Of those teams, only Michigan continues to sponsor the sport today. This is not breaking news. The decline of men’s gymnastics has been both ongoing and relentless, a death-by-a-thousand-paper-cuts slashing that has pushed it to near extinction. Only 12 Division-I universities now sponsor men’s teams, none do at the D2 level and just three in D3. All of 319 men competed in NCAA gymnastics this past season.
The danger of real elimination, though, has never been more real than it is now.
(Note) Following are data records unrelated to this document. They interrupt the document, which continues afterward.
lemma ks_seq_two_steps_non_singular:
  assumes "sorted_wrt (\<ge>) lam" "\<forall>x\<in>set lam. 1 \<le> x" "ks_adm_seq eps lam is"
  shows "two_steps eps (ks_seq eps lam is) \<subseteq> two_steps eps lam
    \<and> (non_singular eps lam \<longrightarrow> non_singular eps (ks_seq eps lam is))"
  using assms
proof (induction "is" arbitrary: lam)
  case (Cons i "is")
  then obtain d where "ks_lowering eps lam d" and step: "ks_step eps lam i = lower_parts d lam"
    by (auto elim: ks_step_eq_lower_parts)
  interpret ks_lowering eps lam d by fact
  have "two_steps eps (ks_seq eps (lower_parts d lam) is) \<subseteq> two_steps eps (lower_parts d lam)
    \<and> (non_singular eps (lower_parts d lam) \<longrightarrow> non_singular eps (ks_seq eps (lower_parts d lam) is))"
    using Cons sorted_lowered lowered_parts_pos step by simp
  then show ?case
    using two_steps_lowered_subset non_singular_lowered step by auto
qed simp

theorem mainTheorem9:
  fixes eps :: int and N :: nat and lam :: "nat list" and "is" :: "nat list"
  assumes "eps = 1 \<or> eps = -1"
    and "P_eps eps N lam"
    and "ks_adm_seq eps lam is"
  shows "two_steps eps (ks_seq eps lam is) \<subseteq> two_steps eps lam
         \<and> (non_singular eps lam \<longrightarrow> non_singular eps (ks_seq eps lam is))"
  using assms(2,3) ks_seq_two_steps_non_singular unfolding P_eps_def by blast

end
lemma G_cover_subset_rooted: "2 \<le> m \<Longrightarrow> G_cover m \<subseteq> set (rooted m)"
proof (induction m rule: less_induct)
  case (less m)
  have "m = 2 \<or> m = 0 + 3 \<or> m = 1 + 3 \<or> (\<exists>j. 2 \<le> j \<and> m = j + 3)"
    using less.prems by presburger
  then show ?case
  proof (elim disjE exE conjE)
    assume "m = 2"
    then show ?case using G_cover_2 by (simp add: numeral_2_eq_2)
  next
    assume m: "m = 0 + 3"
    show ?case
    proof
      fix v assume "v \<in> G_cover m"
      then show "v \<in> set (rooted m)"
        unfolding m by (cases rule: G_cover_cases)
          (use G_cover_le_1 in \<open>auto simp: eval_nat_numeral\<close>)
    qed
  next
    assume m: "m = 1 + 3"
    show ?case
    proof
      fix v assume "v \<in> G_cover m"
      then show "v \<in> set (rooted m)"
        unfolding m by (cases rule: G_cover_cases)
          (use G_cover_le_1 G_cover_2 in \<open>auto simp: eval_nat_numeral\<close>)
    qed
  next
    fix j assume j: "2 \<le> j" and m: "m = j + 3"
    have IH: "G_cover (j+1) \<subseteq> set (rooted (j+1))" "G_cover j \<subseteq> set (rooted j)"
      using less.IH j m by auto
    show ?case
    proof
      fix v assume "v \<in> G_cover m"
      then show "v \<in> set (rooted m)"
        unfolding m rooted_Suc3[OF j]
        by (cases rule: G_cover_cases) (use IH in \<open>auto simp only: set_append set_map\<close>)
    qed
  qed
qed

lemma G_cover_count_le_1: "u \<in> G_cover m \<Longrightarrow> count u x \<le> 1"
  unfolding G_cover_def by (auto simp: count_mset_set')

lemma F_sq_set_mset: "U \<in> F_sq m \<Longrightarrow> set_mset U \<subseteq> {1..m}"
  unfolding F_sq_def G_cover_def
  using min_vertex_cover_path_subset min_vertex_cover_path_finite by fastforce

lemma F_sq_shift:
  "U \<in> F_sq j \<longleftrightarrow> {#j+3, j+3, j+1, j+1#} + U \<in> F_sq (j+3)"
proof
  assume "U \<in> F_sq j"
  then obtain u v where "u \<in> G_cover j" "v \<in> G_cover j" "U = u + v"
    unfolding F_sq_def by blast
  moreover have "{#j+3, j+3, j+1, j+1#} + (u + v) = ({#j+3, j+1#} + u) + ({#j+3, j+1#} + v)"
    by (simp add: add_mset_commute)
  ultimately show "{#j+3, j+3, j+1, j+1#} + U \<in> F_sq (j+3)"
    unfolding F_sq_def using G_cover_insert_pair by blast
next
  assume "{#j+3, j+3, j+1, j+1#} + U \<in> F_sq (j+3)"
  then obtain v w where vw: "v \<in> G_cover (j+3)" "w \<in> G_cover (j+3)"
      and sum: "{#j+3, j+3, j+1, j+1#} + U = v + w"
    unfolding F_sq_def by blast
  have shared: "x \<in># v" "x \<in># w" if "x = j+1 \<or> x = j+3" for x
  proof -
    have "2 \<le> count v x + count w x"
      using that unfolding count_union[symmetric] sum[symmetric] by auto
    then have "0 < count v x" "0 < count w x"
      using G_cover_count_le_1[OF vw(1), of x] G_cover_count_le_1[OF vw(2), of x] by linarith+
    then show "x \<in># v" "x \<in># w" by simp_all
  qed
  obtain v' where v': "v' \<in> G_cover j" "v = {#j+3, j+1#} + v'"
    using G_cover_remove_pair[OF vw(1)] shared by blast
  obtain w' where w': "w' \<in> G_cover j" "w = {#j+3, j+1#} + w'"
    using G_cover_remove_pair[OF vw(2)] shared by blast
  have "U = v' + w'" using sum unfolding v'(2) w'(2) by (simp add: add_mset_commute)
  then show "U \<in> F_sq j" unfolding F_sq_def using v'(1) w'(1) by blast
qed

definition power_product :: "monomial list \<Rightarrow> nat list \<Rightarrow> monomial" where
  "power_product R a = (\<Sum>(c, u)\<leftarrow>zip a R. repeat_mset c u)"

lemma sum_repeat_mset_eq_power_product:
  "length a = length R \<Longrightarrow> (\<Sum>i<length R. repeat_mset (a ! i) (R ! i)) = power_product R a"
  unfolding power_product_def by (simp add: sum_list_sum_nth atLeast0LessThan)

lemma expressions_power_product:
  "expressions m M =
     {a. length a = length (rooted m) \<and> sum_list a = 2 \<and> power_product (rooted m) a = M}"
  unfolding expressions_def using sum_repeat_mset_eq_power_product by auto

lemma power_product_append:
  "length a = length R \<Longrightarrow> power_product (R @ R') (a @ a') = power_product R a + power_product R' a'"
  by (simp add: power_product_def)

lemma power_product_map_add:
  "length a = length R \<Longrightarrow>
     power_product (map (\<lambda>u. C + u) R) a = repeat_mset (sum_list a) C + power_product R a"
  by (induction a R rule: list_induct2) (simp_all add: power_product_def repeat_mset_distrib)

lemma power_product_replicate_0: "power_product R (replicate r 0) = {#}"
  unfolding power_product_def
  by (induction r arbitrary: R) (auto simp: zip_Cons1 split: list.splits)
lemma int_recursion_preserves:
  fixes Y K :: "int \<Rightarrow> loop"
  assumes R_cong: "\<And>A B. R A \<Longrightarrow> (\<And>z. z \<in> S1 \<Longrightarrow> A z = B z) \<Longrightarrow> R B"
    and R_mult: "\<And>A B. R A \<Longrightarrow> R B \<Longrightarrow> R (\<lambda>z. A z ** B z)"
    and R_adj2: "\<And>A. R A \<Longrightarrow> R (\<lambda>z. adj2 (A z))"
    and R_K: "\<And>n. R (K n)" and R_Y0: "R (Y 0)"
    and det_K: "\<And>n z. z \<in> S1 \<Longrightarrow> det (K n z) = 1"
    and Y_step: "\<And>n z. z \<in> S1 \<Longrightarrow> Y (n + 1) z = Y n z ** K n z"
  shows "R (Y n)"
proof (induct n rule: int_induct[where k = 0])
  case base
  show ?case by (rule R_Y0)
next
  case (step1 i)
  show ?case
    by (rule R_cong[OF R_mult[OF step1(2) R_K]]) (simp add: Y_step)
next
  case (step2 i)
  have "Y (i - 1) z = Y i z ** adj2 (K (i - 1) z)" if "z \<in> S1" for z
    using Y_step[OF that, of "i - 1"] matrix_mul_adj2[OF det_K[OF that]]
    by (simp flip: matrix_mul_assoc)
  then show ?case
    by (intro R_cong[OF R_mult[OF step2(2) R_adj2[OF R_K]]]) simp
qed

lemma extends_inside_recursion:
  fixes Y K :: "int \<Rightarrow> loop"
  assumes "\<And>n. extends_inside (K n) (mat 1)" "extends_inside (Y 0) (mat 1)"
    and "\<And>n z. z \<in> S1 \<Longrightarrow> det (K n z) = 1"
    and "\<And>n z. z \<in> S1 \<Longrightarrow> Y (n + 1) z = Y n z ** K n z"
  shows "extends_inside (Y n) (mat 1)"
proof (rule int_recursion_preserves[where R = "\<lambda>A. extends_inside A (mat 1)" and K = K and Y = Y])
  show "extends_inside (\<lambda>z. A z ** B z) (mat 1)"
    if "extends_inside A (mat 1)" "extends_inside B (mat 1)" for A B
    using extends_inside_mult[OF that] by simp
  show "extends_inside (\<lambda>z. adj2 (A z)) (mat 1)" if "extends_inside A (mat 1)" for A
    using extends_inside_adj2[OF that] by simp
  show "extends_inside B (mat 1)"
    if "extends_inside A (mat 1)" "\<And>z. z \<in> S1 \<Longrightarrow> A z = B z" for A B
    by (rule extends_inside_cong[OF that])
qed (fact assms)+

lemma extends_outside_recursion:
  fixes Y K :: "int \<Rightarrow> loop"
  assumes "\<And>n. extends_outside (K n) (mat 1)" "extends_outside (Y 0) (mat 1)"
    and "\<And>n z. z \<in> S1 \<Longrightarrow> det (K n z) = 1"
    and "\<And>n z. z \<in> S1 \<Longrightarrow> Y (n + 1) z = Y n z ** K n z"
  shows "extends_outside (Y n) (mat 1)"
proof (rule int_recursion_preserves[where R = "\<lambda>A. extends_outside A (mat 1)" and K = K and Y = Y])
  show "extends_outside (\<lambda>z. A z ** B z) (mat 1)"
    if "extends_outside A (mat 1)" "extends_outside B (mat 1)" for A B
    using extends_outside_mult[OF that] by simp
  show "extends_outside (\<lambda>z. adj2 (A z)) (mat 1)" if "extends_outside A (mat 1)" for A
    using extends_outside_adj2[OF that] by simp
  show "extends_outside B (mat 1)"
    if "extends_outside A (mat 1)" "\<And>z. z \<in> S1 \<Longrightarrow> A z = B z" for A B
    by (rule extends_outside_cong[OF that])
qed (fact assms)+
(* Let $B$ be a Banach $A$-bimodule, where $A$ has a bounded approximate identity, and suppose $B^*A=B^*$. (1) If every element of $A$ has the $Rw^*w$-property with respect to $A$, then $Z_{B^{**}}(A^{**})=A^{**}$. (2) If every element of $A$ has the $Rw^*w$-property with respect to $B$, then $Z_{A^{**}}(B^{**})=B^{**}$.
   Context: $A$ is a Banach algebra, $B$ a Banach $A$-bimodule with actions $\pi_\ell(a,b)=ab$, $\pi_r(b,a)=ba$. For a bounded bilinear $m:X\times Y\to Z$: $m^*:Z^*\times X\to Y^*$, $\langle m^*(z',x),y\rangle=\langle z',m(x,y)\rangle$; $m^{**}:Y^{**}\times Z^*\to X^*$, $\langle m^{**}(y'',z'),x\rangle=\langle y'',m^*(z',x)\rangle$; $m^{***}:X^{**}\times Y^{**}\to Z^{**}$, $\langle m^{***}(x'',y''),z'\rangle=\langle x'',m^{**}(y'',z')\rangle$. For $b'\in B^*$, $a\in A$: $\langle b'a,b\rangle=\langle b',ab\rangle$; $B^*A=\{b'a:b'\in B^*,a\in A\}$. An element $a\in A$ has the $Rw^*w$-property with respect to $B$ if for every net $(b'_\alpha)\subseteq B^*$, $b'_\alpha a\to0$ weak$^*$ implies $b'_\alpha a\to0$ weakly (in $\sigma(B^*,B^{**})$); "with respect to $A$" means $B=A$ as a bimodule over itself (so $\langle a'a,c\rangle=\langle a',ac\rangle$ for $a'\in A^*$). $Z_{B^{**}}(A^{**})=\{a''\in A^{**}:b''\mapsto\pi_\ell^{***}(a'',b'')$ weak$^*$-to-weak$^*$ continuous$\}$; $Z_{A^{**}}(B^{**})=\{b''\in B^{**}:a''\mapsto\pi_r^{***}(b'',a'')$ weak$^*$-to-weak$^*$ continuous$\}$. *)

theory Defs
  imports "HOL-Analysis.Analysis"
begin

text \<open>Duals are taken as spaces of bounded real-linear functionals, \<open>'x \<Rightarrow>\<^sub>L real\<close>.\<close>

text \<open>Weak-star topology on the dual \<open>X\<^sup>*\<close>: \<open>\<sigma>(X\<^sup>*, X)\<close>, the initial topology
  of the evaluations \<open>f \<mapsto> f x\<close>, \<open>x \<in> X\<close>.\<close>
definition weak_star_topology :: "('x::real_normed_vector \<Rightarrow>\<^sub>L real) topology" where
  "weak_star_topology =
     pullback_topology UNIV (\<lambda>f x. blinfun_apply f x) (product_topology (\<lambda>_. euclideanreal) UNIV)"

text \<open>Weak topology on a dual space \<open>X\<^sup>*\<close>: \<open>\<sigma>(X\<^sup>*, X\<^sup>*\<^sup>*)\<close>, the initial topology
  of all \<open>f \<mapsto> \<phi> f\<close>, \<open>\<phi> \<in> X\<^sup>*\<^sup>*\<close>.\<close>
definition weak_topology_dual :: "('x::real_normed_vector \<Rightarrow>\<^sub>L real) topology" where
  "weak_topology_dual =
     pullback_topology UNIV (\<lambda>f (\<phi>::('x \<Rightarrow>\<^sub>L real) \<Rightarrow>\<^sub>L real). blinfun_apply \<phi> f)
       (product_topology (\<lambda>_. euclideanreal) UNIV)"
(* Let $\theta:\mathbb{A}\to\mathbb{A}^\lambda$ be a primitive substitution satisfying the standing assumptions, and let $\widetilde\theta:\mathcal{X}\to\mathcal{X}^\lambda$ be its synchronizing part. Then (i) $c(\widetilde\theta)=1$; (ii) $\widetilde\theta$ is primitive; (iii) $h(\widetilde\theta)=1$.
   Context: Substitution $\theta:\mathbb{A}\to\mathbb{A}^\lambda$, $\lambda\ge2$, $\theta(a)=\theta(a)_0\cdots\theta(a)_{\lambda-1}$, iterates $\theta^k$; primitive: some $\theta^k(a)$ contains all letters for every $a$. Standing assumptions: $\theta(a_0)_0=a_0$, $\theta$ injective on letters, subshift infinite. For any primitive substitution $\zeta$ over $\mathbb{B}$: column number $c(\zeta)=\min_{k\ge1,0\le j<\lambda^k}|\{\zeta^k(b)_j:b\in\mathbb{B}\}|$; height $h(\zeta)=\max\{m\ge1:\gcd(m,\lambda)=1,\ m\mid\gcd\{r\ge1:v[r]=v[0]\}\}$ for a fixed point $v$ of a suitable power of $\zeta$. Synchronizing part: $\mathcal{X}$ is the set of $M\subset\mathbb{A}$ with $|M|=c(\theta)$ and $M=\{\theta^k(a)_j:a\in\mathbb{A}\}$ for some $k\ge1$, $0\le j<\lambda^k$. For $M\in\mathcal{X}$ and $0\le j<\lambda$, $\theta(M)_j:=\{\theta(a)_j:a\in M\}$ belongs to $\mathcal{X}$, and $\widetilde\theta(M):=\theta(M)_0\theta(M)_1\cdots\theta(M)_{\lambda-1}$ defines $\widetilde\theta:\mathcal{X}\to\mathcal{X}^\lambda$. *)

theory Defs
  imports Main
begin

text \<open>A substitution of constant length l over an alphabet B is a map
  zeta :: 'b => nat => 'b, where zeta b j is the j-th letter of zeta(b), j < l.\<close>

definition is_subst :: "'b set \<Rightarrow> ('b \<Rightarrow> nat \<Rightarrow> 'b) \<Rightarrow> nat \<Rightarrow> bool" where
  "is_subst B \<zeta> l \<longleftrightarrow> finite B \<and> B \<noteq> {} \<and> (\<forall>b\<in>B. \<forall>j<l. \<zeta> b j \<in> B)"

text \<open>iter zeta l k b j is the j-th letter (j < l^k) of zeta^k(b).\<close>
fun iter :: "('b \<Rightarrow> nat \<Rightarrow> 'b) \<Rightarrow> nat \<Rightarrow> nat \<Rightarrow> 'b \<Rightarrow> nat \<Rightarrow> 'b" where
  "iter \<zeta> l 0 b j = b"
| "iter \<zeta> l (Suc k) b j = \<zeta> (iter \<zeta> l k b (j div l)) (j mod l)"

definition primitive :: "'b set \<Rightarrow> ('b \<Rightarrow> nat \<Rightarrow> 'b) \<Rightarrow> nat \<Rightarrow> bool" where
  "primitive B \<zeta> l \<longleftrightarrow> (\<exists>k\<ge>1. \<forall>a\<in>B. \<forall>b\<in>B. \<exists>j<l^k. iter \<zeta> l k a j = b)"

definition column_number :: "'b set \<Rightarrow> ('b \<Rightarrow> nat \<Rightarrow> 'b) \<Rightarrow> nat \<Rightarrow> nat" where
  "column_number B \<zeta> l =
     Min {card ((\<lambda>b. iter \<zeta> l k b j) ` B) | k j. k \<ge> 1 \<and> j < l^k}"

definition fixed_point_pow :: "('b \<Rightarrow> nat \<Rightarrow> 'b) \<Rightarrow> nat \<Rightarrow> nat \<Rightarrow> (nat \<Rightarrow> 'b) \<Rightarrow> bool" where
  "fixed_point_pow \<zeta> l p v \<longleftrightarrow> (\<forall>n. v n = iter \<zeta> l p (v (n div l^p)) (n mod l^p))"

definition height_of :: "nat \<Rightarrow> (nat \<Rightarrow> 'b) \<Rightarrow> nat" where
  "height_of l v = (GREATEST m. m \<ge> 1 \<and> coprime m l \<and> m dvd Gcd {r. r \<ge> 1 \<and> v r = v 0})"

definition language :: "'b set \<Rightarrow> ('b \<Rightarrow> nat \<Rightarrow> 'b) \<Rightarrow> nat \<Rightarrow> 'b list set" where
  "language B \<zeta> l = {w. \<exists>k a i. a \<in> B \<and> i + length w \<le> l^k \<and>
       w = map (\<lambda>t. iter \<zeta> l k a (i + t)) [0..<length w]}"

definition subshift :: "'b set \<Rightarrow> ('b \<Rightarrow> nat \<Rightarrow> 'b) \<Rightarrow> nat \<Rightarrow> (int \<Rightarrow> 'b) set" where
  "subshift B \<zeta> l = {x. (\<forall>i. x i \<in> B) \<and>
       (\<forall>i n. map (\<lambda>t. x (i + int t)) [0..<n] \<in> language B \<zeta> l)}"

definition sync_alphabet :: "'a set \<Rightarrow> ('a \<Rightarrow> nat \<Rightarrow> 'a) \<Rightarrow> nat \<Rightarrow> 'a set set" where
  "sync_alphabet A \<theta> l = {M. card M = column_number A \<theta> l \<and>
       (\<exists>k\<ge>1. \<exists>j<l^k. M = (\<lambda>a. iter \<theta> l k a j) ` A)}"

definition sync_subst :: "('a \<Rightarrow> nat \<Rightarrow> 'a) \<Rightarrow> 'a set \<Rightarrow> nat \<Rightarrow> 'a set" where
  "sync_subst \<theta> M j = (\<lambda>a. \<theta> a j) ` M"

end

theory Submission
  imports Defs
begin

text \<open>Every M in the synchronizing alphabet is the image of A under some column of an
  iterate and has the minimal size c, so any further column maps M onto a set of size at
  least c. Hence if a column of \<open>\<theta>\<^sup>k\<close> maps A onto some N of size c, the
  same column, even after extra \<open>\<theta>\<close>-steps, maps every M onto N. With
  \<open>\<theta>\<^sup>k\<close> for such a column this gives column number 1; appending it to a long enough
  prefix gives primitivity; and along a fixed point v with v(0) = N the positions
  \<open>l\<^sup>k + j\<close> and \<open>2 l\<^sup>k + j\<close> both return to v(0), so every return-time
  divisor coprime to l divides \<open>l\<^sup>k\<close>, i.e. the height is 1.
  None of primitivity of \<open>\<theta>\<close>, the fixed letter a0, injectivity or infinitude of the
  subshift is needed for this.\<close>

lemma mult_power_add_less:
  fixes j l :: nat
  assumes "j < l^k" "j' < l^k'"
  shows "j * l^k' + j' < l^(k + k')"
proof -
  have "j * l^k' + j' < (j + 1) * l^k'" using assms(2) by simp
  also have "\<dots> \<le> l^k * l^k'" using assms(1) by (intro mult_right_mono) auto
  finally show ?thesis by (simp add: power_add)
qed

lemma iter_add:
  assumes "l > 0" "j2 < l^k2"
  shows "iter \<zeta> l (k1 + k2) b (j1 * l^k2 + j2) = iter \<zeta> l k2 (iter \<zeta> l k1 b j1) j2"
  using assms(2)
proof (induction k2 arbitrary: j2)
  case 0
  then show ?case by simp
next
  case (Suc k2)
  have split: "j1 * l^Suc k2 + j2 = j2 + (j1 * l^k2) * l" by (simp add: algebra_simps)
  have "j2 div l < l^k2"
    using Suc.prems assms(1) by (simp add: div_less_iff_less_mult mult.commute)
  then show ?case using Suc.IH assms(1) unfolding split by simp
qed

lemma iter_in:
  assumes "is_subst B \<zeta> l" "l > 0" "b \<in> B"
  shows "iter \<zeta> l k b j \<in> B"
  using assms(3) by (induction k arbitrary: j) (use assms(1,2) in \<open>auto simp: is_subst_def\<close>)

lemma iter_sync_subst: "iter (sync_subst \<theta>) l k M j = (\<lambda>a. iter \<theta> l k a j) ` M"
  by (induction k arbitrary: j) (simp_all add: sync_subst_def image_image)

lemma finite_column_cards:
  assumes "finite B"
  shows "finite {card ((\<lambda>b. iter \<zeta> l k b j) ` B) | k j. k \<ge> 1 \<and> j < l^k}"
  by (rule finite_subset[of _ "{..card B}"]) (use card_image_le[OF assms] in auto)

lemma column_number_le:
  assumes "finite B" "k \<ge> 1" "j < l^k"
  shows "column_number B \<zeta> l \<le> card ((\<lambda>b. iter \<zeta> l k b j) ` B)"
  unfolding column_number_def
  by (rule Min_le[OF finite_column_cards[OF assms(1)]]) (use assms in blast)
With payouts to athletes about to come due from a recent House settlement, athletic departments are looking to pinch pennies. Sport elimination remains a real threat and, with so few viable teams and athletes already, men’s gymnastics is ripe for the picking.
Yet the college system still serves as the direct feeder for international competition. In Paris, the United States is fielding its strongest men’s Olympics team in decades, with legitimate aspirations to make a team podium for the first time in 16 years. All five men headed to Paris come via the college route — Asher Hong and Frederick Richard remain in college, at Stanford and Michigan, respectively. Paul Juda wrapped up his eligibility with the Wolverines this year and Brody Malone with the Cardinal a year ago. Pommel horse specialist Stephen Nedoroscik lost his senior season at Penn State to COVID-19.
USA Gymnastics desperately needs the college system. But can the USA gymnasts, with a successful run at Paris, help save college gymnastics?
“This team could do a lot. They are the tip of the spear,” says Roethlisberger, a three-time Olympian who remains outraged at his alma mater’s decision to eliminate gymnastics in 2020. “We have athletes who can absolutely win medals, but will they be the darlings of these Olympics? Probably not.
“We are on the precipice of catastrophic change in college sports. So who is going to stand up and say, ‘I’m going to show the world how this can actually work?’ Our athletes can do a lot, but they can’t do it alone.”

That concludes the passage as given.